A través de su cristal lo
primero que vio
fue la camiseta sin mangas que el candidato vestía, sus
pantalones de
mezclilla, los incongruentes sneakers-trainers running Nikes
importados,
destellando colores y para colmo con los cordones sueltos. Mientras
paseaba por
esa indumentaria, sus miradas se encontraron. El estudiante no la
sostuvo. El
profesor de posgrado, no movió la mira, como si se tratara de un
arma larga
apuntando al delincuente.

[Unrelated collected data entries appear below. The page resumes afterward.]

(* Let $n\ge1$ and let $\mathfrak{c}=\{c_{ij}\}_{1\le i<j\le n}$, $\mathfrak{\ell}=\{\ell_1,\dots,\ell_n\}$ be integers. Let $C=C(\mathfrak{c},\mathfrak{\ell})$ be the support of the associated Grossberg–Karshon twisted cube, $\{m_\sigma\}_{\sigma\in\{+,-\}^n}$ the Cartier data of the divisor $D(\mathfrak{c},\mathfrak{\ell})$ on $X(\mathfrak{c})$, and $P_{D(\mathfrak{c},\mathfrak{\ell})}$ the associated polytope. Then the following are equivalent: (a) $C$ is closed in $\mathbb{R}^n$ (Euclidean topology); (b) $m_\sigma\in C$ for all $\sigma$; (c) $m_{\sigma,k}\ge0$ for all $\sigma$ and all $1\le k\le n$, where $m_\sigma=(m_{\sigma,1},\dots,m_{\sigma,n})$; (d) $\mathfrak{c},\mathfrak{\ell}$ satisfy condition (P); (e) $C=P_{D(\mathfrak{c},\mathfrak{\ell})}$.
   Context: Functions on $\mathbb{R}^n$: $A_n(x)=\ell_n$ and $A_j(x)=\ell_j-\sum_{k=j+1}^n c_{jk}x_k$ for $1\le j\le n-1$ (so $A_j$ depends only on $x_{j+1},\dots,x_n$). $C(\mathfrak{c},\mathfrak{\ell})$ is the set of $x\in\mathbb{R}^n$ such that for every $1\le k\le n$: $A_k(x)<x_k<0$ or $0\le x_k\le A_k(x)$. Condition (P): $\ell_n\ge0$, and for every $1\le k\le n-1$: whenever $(x_{k+1},\dots,x_n)$ satisfies $0\le x_i\le A_i(x_{i+1},\dots,x_n)$ for all $k+1\le i\le n$, then $A_k(x_{k+1},\dots,x_n)\ge0$. Toric data: $e_1^+,\dots,e_n^+$ standard basis of $\mathbb{R}^n$, $e_j^-:=-e_j^+-\sum_{k>j}c_{jk}e_k^+$; $\Sigma_{\mathfrak{c}}$ is the fan of cones generated by subsets of $\{e_1^\pm,\dots,e_n^\pm\}$ containing no pair $\{e_j^+,e_j^-\}$, with maximal cones $\mathrm{Cone}\{e_1^{\sigma_1},\dots,e_n^{\sigma_n}\}$, $\sigma\in\{+,-\}^n$; $X(\mathfrak{c})$ its smooth toric variety; $D(\mathfrak{c},\mathfrak{\ell})=\sum_j\ell_jD_{e_j^-}$ with $D_{e_j^-}$ the torus-invariant divisor of the ray through $e_j^-$. Its Cartier data is the collection $m_\sigma\in\mathbb{Z}^n$ with $\langle m_\sigma,u\rangle=-a_u$ for each ray generator $u\in\{e_1^{\sigma_1},\dots,e_n^{\sigma_n}\}$ of $\sigma$, where $a_{e_j^+}=0$, $a_{e_j^-}=\ell_j$ and $\langle\cdot,\cdot\rangle$ is the standard inner product. $P_{D(\mathfrak{c},\mathfrak{\ell})}=\{x\in\mathbb{R}^n: 0\le x_j\le A_j(x)\ \forall j\}$. *)

theory Defs
  imports "HOL-Analysis.Analysis"
begin

text \<open>Vectors of R^n (resp. Z^n) are represented as functions on nat that vanish
outside the index set {1..n}.  The topology on nat => real is the product topology
(HOL-Analysis Function_Topology); on the (closed) subspace of functions supported
in {1..n} it is the Euclidean topology of R^n.\<close>

definition Rn :: "nat \<Rightarrow> (nat \<Rightarrow> real) set" where
  "Rn n = {x. \<forall>k. k \<notin> {1..n} \<longrightarrow> x k = 0}"

definition Zn :: "nat \<Rightarrow> (nat \<Rightarrow> int) set" where
  "Zn n = {m. \<forall>k. k \<notin> {1..n} \<longrightarrow> m k = 0}"

text \<open>Sign vectors sigma in {+,-}^n; True stands for +, False for -.\<close>
definition signs :: "nat \<Rightarrow> (nat \<Rightarrow> bool) set" where
  "signs n = {\<sigma>. \<forall>k. k \<notin> {1..n} \<longrightarrow> \<sigma> k}"

definition Afun :: "nat \<Rightarrow> (nat \<Rightarrow> nat \<Rightarrow> int) \<Rightarrow> (nat \<Rightarrow> int) \<Rightarrow> nat \<Rightarrow> (nat \<Rightarrow> real) \<Rightarrow> real" where
  "Afun n c l j x = real_of_int (l j) - (\<Sum>k\<in>{j+1..n}. real_of_int (c j k) * x k)"

definition twisted_cube :: "nat \<Rightarrow> (nat \<Rightarrow> nat \<Rightarrow> int) \<Rightarrow> (nat \<Rightarrow> int) \<Rightarrow> (nat \<Rightarrow> real) set" where
  "twisted_cube n c l = {x \<in> Rn n. \<forall>k\<in>{1..n}.
      (Afun n c l k x < x k \<and> x k < 0) \<or> (0 \<le> x k \<and> x k \<le> Afun n c l k x)}"

definition polytope_PD :: "nat \<Rightarrow> (nat \<Rightarrow> nat \<Rightarrow> int) \<Rightarrow> (nat \<Rightarrow> int) \<Rightarrow> (nat \<Rightarrow> real) set" where
  "polytope_PD n c l = {x \<in> Rn n. \<forall>j\<in>{1..n}. 0 \<le> x j \<and> x j \<le> Afun n c l j x}"

definition condP :: "nat \<Rightarrow> (nat \<Rightarrow> nat \<Rightarrow> int) \<Rightarrow> (nat \<Rightarrow> int) \<Rightarrow> bool" where
  "condP n c l \<longleftrightarrow> l n \<ge> 0 \<and>
     (\<forall>k\<in>{1..n-1}. \<forall>x\<in>Rn n.
        (\<forall>i\<in>{k+1..n}. 0 \<le> x i \<and> x i \<le> Afun n c l i x) \<longrightarrow> Afun n c l k x \<ge> 0)"

text \<open>Ray generators: e_j^+ standard basis, e_j^- = -e_j^+ - sum_{k>j} c_{jk} e_k^+.\<close>
definition eplus :: "nat \<Rightarrow> nat \<Rightarrow> int" where
  "eplus j = (\<lambda>i. if i = j then 1 else 0)"

definition eminus :: "nat \<Rightarrow> (nat \<Rightarrow> nat \<Rightarrow> int) \<Rightarrow> nat \<Rightarrow> nat \<Rightarrow> int" where
  "eminus n c j = (\<lambda>i. if i = j then -1 else if j < i \<and> i \<le> n then - c j i else 0)"

definition gen :: "nat \<Rightarrow> (nat \<Rightarrow> nat \<Rightarrow> int) \<Rightarrow> (nat \<Rightarrow> bool) \<Rightarrow> nat \<Rightarrow> nat \<Rightarrow> int" where
  "gen n c \<sigma> j = (if \<sigma> j then eplus j else eminus n c j)"

text \<open>Coefficients a_u of D = sum_j l_j D_{e_j^-}: a_{e_j^+} = 0, a_{e_j^-} = l_j.\<close>
definition coef :: "(nat \<Rightarrow> int) \<Rightarrow> (nat \<Rightarrow> bool) \<Rightarrow> nat \<Rightarrow> int" where
  "coef l \<sigma> j = (if \<sigma> j then 0 else l j)"

definition ipZ :: "nat \<Rightarrow> (nat \<Rightarrow> int) \<Rightarrow> (nat \<Rightarrow> int) \<Rightarrow> int" where
  "ipZ n m u = (\<Sum>i\<in>{1..n}. m i * u i)"

definition cartier :: "nat \<Rightarrow> (nat \<Rightarrow> nat \<Rightarrow> int) \<Rightarrow> (nat \<Rightarrow> int) \<Rightarrow> (nat \<Rightarrow> bool) \<Rightarrow> nat \<Rightarrow> int" where
  "cartier n c l \<sigma> = (THE m. m \<in> Zn n \<and>
      (\<forall>j\<in>{1..n}. ipZ n m (gen n c \<sigma> j) = - coef l \<sigma> j))"

end

theory Submission
  imports Defs
begin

Desde su investidura de director,
intentó imaginar a
este individuo que hoy pretendía recibir la aceptación
que le otorgaría un
título, caminando por Chelsea en el ambiente londinense de los
años setenta que
tanto recordaba. Intentó imaginarlo en Hyde Park, frente a la
fachada de la
Nacional Gallery, sentado en la mesa de roble de un restaurante
céntrico, o
caminando sobre los adoquines de Birmington Ave. pero nada
coincidía con esa
extraña imagen local, regional, cuya mirada había logrado
escapar y quedar
perdida en el espacio, con tribulación y vértigo. El
profesor de posgrado, en
esta ocasión director de la mesa, el de mayor jerarquía
que los sinodales ahí
presentes, emitió por fin ese gesto mínimo, como una leve
mueca que partía de
su boca y apenas si lograba llegar un poco más allá de la
comisura de sus
labios. Con ese gesto y como apretando la lengua contra los labios, dio
vuelta
una de las páginas de la tesis, miro con atención su
propia anotación, volvió a
mirar al candidato, y eso bastó para que todos los presentes,
los sinodales,
los familiares, los colegas y amigos, el encargado del café y
del proyector, la
secretaria que se quedó para no hacer ruido con la puerta,
supieran que el
candidato no saldría adelante en la defensa de su tesis.